WORK INSTRUCTION: What lines below mention the word "have"? Copy each one.

INFORMATION Start Marker

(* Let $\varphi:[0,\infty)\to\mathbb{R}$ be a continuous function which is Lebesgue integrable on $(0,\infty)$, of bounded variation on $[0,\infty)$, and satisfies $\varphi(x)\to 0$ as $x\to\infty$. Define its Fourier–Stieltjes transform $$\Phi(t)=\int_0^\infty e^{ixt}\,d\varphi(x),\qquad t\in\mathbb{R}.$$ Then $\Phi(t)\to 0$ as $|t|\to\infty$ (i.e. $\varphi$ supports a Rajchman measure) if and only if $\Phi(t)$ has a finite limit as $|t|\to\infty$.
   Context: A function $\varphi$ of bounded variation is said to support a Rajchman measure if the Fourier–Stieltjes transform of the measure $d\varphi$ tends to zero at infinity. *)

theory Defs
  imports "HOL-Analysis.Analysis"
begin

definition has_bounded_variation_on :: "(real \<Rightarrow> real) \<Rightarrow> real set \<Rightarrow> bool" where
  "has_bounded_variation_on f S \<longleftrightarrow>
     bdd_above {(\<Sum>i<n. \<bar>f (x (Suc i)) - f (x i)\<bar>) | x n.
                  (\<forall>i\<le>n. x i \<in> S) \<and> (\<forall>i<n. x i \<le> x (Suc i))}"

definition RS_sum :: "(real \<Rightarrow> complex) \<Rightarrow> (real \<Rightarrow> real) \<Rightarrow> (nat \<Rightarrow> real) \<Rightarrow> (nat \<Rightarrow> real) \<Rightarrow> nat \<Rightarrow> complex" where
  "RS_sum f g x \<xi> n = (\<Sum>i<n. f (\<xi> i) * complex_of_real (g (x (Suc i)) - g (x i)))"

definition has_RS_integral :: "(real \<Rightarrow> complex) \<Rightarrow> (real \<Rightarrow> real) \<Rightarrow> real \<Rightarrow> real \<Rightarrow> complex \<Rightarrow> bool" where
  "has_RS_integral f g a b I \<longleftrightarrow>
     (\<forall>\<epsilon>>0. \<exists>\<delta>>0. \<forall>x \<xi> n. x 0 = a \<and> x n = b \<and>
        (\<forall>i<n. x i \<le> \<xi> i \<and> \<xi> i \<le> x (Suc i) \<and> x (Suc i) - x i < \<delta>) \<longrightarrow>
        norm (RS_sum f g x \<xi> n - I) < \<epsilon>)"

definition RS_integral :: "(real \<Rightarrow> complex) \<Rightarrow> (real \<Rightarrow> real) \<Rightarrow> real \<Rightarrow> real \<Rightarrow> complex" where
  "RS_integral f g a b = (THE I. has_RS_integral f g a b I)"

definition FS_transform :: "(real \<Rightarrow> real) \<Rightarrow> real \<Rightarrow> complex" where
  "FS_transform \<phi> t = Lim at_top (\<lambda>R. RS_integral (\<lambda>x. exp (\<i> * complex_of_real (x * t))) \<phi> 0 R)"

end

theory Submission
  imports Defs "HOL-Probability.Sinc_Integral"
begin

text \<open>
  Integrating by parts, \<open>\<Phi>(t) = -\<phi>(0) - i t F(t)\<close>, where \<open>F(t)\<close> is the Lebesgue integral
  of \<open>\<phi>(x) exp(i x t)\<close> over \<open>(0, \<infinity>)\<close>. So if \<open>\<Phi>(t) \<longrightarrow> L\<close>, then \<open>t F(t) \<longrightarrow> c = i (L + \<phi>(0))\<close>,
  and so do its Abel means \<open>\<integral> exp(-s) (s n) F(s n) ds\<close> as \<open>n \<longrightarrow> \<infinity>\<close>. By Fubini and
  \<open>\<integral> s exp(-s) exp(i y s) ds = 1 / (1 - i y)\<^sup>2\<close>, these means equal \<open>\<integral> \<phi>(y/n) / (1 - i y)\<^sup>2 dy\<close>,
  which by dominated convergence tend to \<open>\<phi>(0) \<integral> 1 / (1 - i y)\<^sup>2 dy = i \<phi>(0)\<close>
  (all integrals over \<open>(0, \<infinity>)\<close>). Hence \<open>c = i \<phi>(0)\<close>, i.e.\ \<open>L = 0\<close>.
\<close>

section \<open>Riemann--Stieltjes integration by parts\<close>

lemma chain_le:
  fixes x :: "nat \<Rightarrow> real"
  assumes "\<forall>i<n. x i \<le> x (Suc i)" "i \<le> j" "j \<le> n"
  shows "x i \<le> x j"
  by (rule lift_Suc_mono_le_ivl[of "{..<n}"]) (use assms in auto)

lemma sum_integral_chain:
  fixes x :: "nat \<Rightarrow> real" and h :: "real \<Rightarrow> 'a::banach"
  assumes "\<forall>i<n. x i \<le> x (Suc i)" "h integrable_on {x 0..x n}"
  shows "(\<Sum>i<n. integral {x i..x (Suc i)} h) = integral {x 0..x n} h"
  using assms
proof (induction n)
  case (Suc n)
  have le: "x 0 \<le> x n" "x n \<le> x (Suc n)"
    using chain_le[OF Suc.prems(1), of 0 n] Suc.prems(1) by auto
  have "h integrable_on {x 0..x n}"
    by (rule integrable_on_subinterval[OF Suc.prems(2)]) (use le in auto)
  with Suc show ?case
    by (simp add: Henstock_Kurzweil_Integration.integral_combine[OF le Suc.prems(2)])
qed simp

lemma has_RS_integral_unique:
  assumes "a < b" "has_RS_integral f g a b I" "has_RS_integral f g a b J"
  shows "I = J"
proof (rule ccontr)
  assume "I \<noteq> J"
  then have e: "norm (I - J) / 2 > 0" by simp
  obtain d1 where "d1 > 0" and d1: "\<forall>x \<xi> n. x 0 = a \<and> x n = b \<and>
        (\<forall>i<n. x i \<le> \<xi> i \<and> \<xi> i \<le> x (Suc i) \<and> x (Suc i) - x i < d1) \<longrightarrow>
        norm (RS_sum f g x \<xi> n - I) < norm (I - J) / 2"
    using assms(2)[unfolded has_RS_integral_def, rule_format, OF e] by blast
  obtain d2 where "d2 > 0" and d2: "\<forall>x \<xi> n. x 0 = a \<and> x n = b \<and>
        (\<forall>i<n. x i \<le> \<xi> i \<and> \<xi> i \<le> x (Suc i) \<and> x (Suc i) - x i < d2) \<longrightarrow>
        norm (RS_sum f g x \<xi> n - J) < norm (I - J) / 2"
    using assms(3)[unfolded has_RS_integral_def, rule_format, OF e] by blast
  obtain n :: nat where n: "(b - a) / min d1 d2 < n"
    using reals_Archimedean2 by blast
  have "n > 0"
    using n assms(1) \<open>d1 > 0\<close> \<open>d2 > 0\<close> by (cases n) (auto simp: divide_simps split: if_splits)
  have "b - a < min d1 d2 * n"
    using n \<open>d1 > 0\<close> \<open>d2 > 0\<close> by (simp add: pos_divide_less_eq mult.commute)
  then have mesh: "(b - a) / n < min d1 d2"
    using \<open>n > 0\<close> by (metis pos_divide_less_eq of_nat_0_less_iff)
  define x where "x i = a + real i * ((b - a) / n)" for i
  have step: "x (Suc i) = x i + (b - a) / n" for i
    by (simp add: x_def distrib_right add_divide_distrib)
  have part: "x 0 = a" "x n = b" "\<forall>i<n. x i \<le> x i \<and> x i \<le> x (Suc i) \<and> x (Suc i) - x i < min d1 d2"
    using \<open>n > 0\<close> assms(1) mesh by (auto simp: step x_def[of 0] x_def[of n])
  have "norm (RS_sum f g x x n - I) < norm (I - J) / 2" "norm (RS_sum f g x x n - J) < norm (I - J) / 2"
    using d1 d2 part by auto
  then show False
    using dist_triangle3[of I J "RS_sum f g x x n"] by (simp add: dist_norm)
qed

INFORMATION End Marker

EXERCISE SOLUTION:
  have le: "x 0 \<le> x n" "x n \<le> x (Suc n)"
  have "h integrable_on {x 0..x n}"
  then have e: "norm (I - J) / 2 > 0" by simp
  have "n > 0"
  have "b - a < min d1 d2 * n"
  then have mesh: "(b - a) / n < min d1 d2"
  have step: "x (Suc i) = x i + (b - a) / n" for i
  have part: "x 0 = a" "x n = b" "\<forall>i<n. x i \<le> x i \<and> x i \<le> x (Suc i) \<and> x (Suc i) - x i < min d1 d2"
  have "norm (RS_sum f g x x n - I) < norm (I - J) / 2" "norm (RS_sum f g x x n - J) < norm (I - J) / 2"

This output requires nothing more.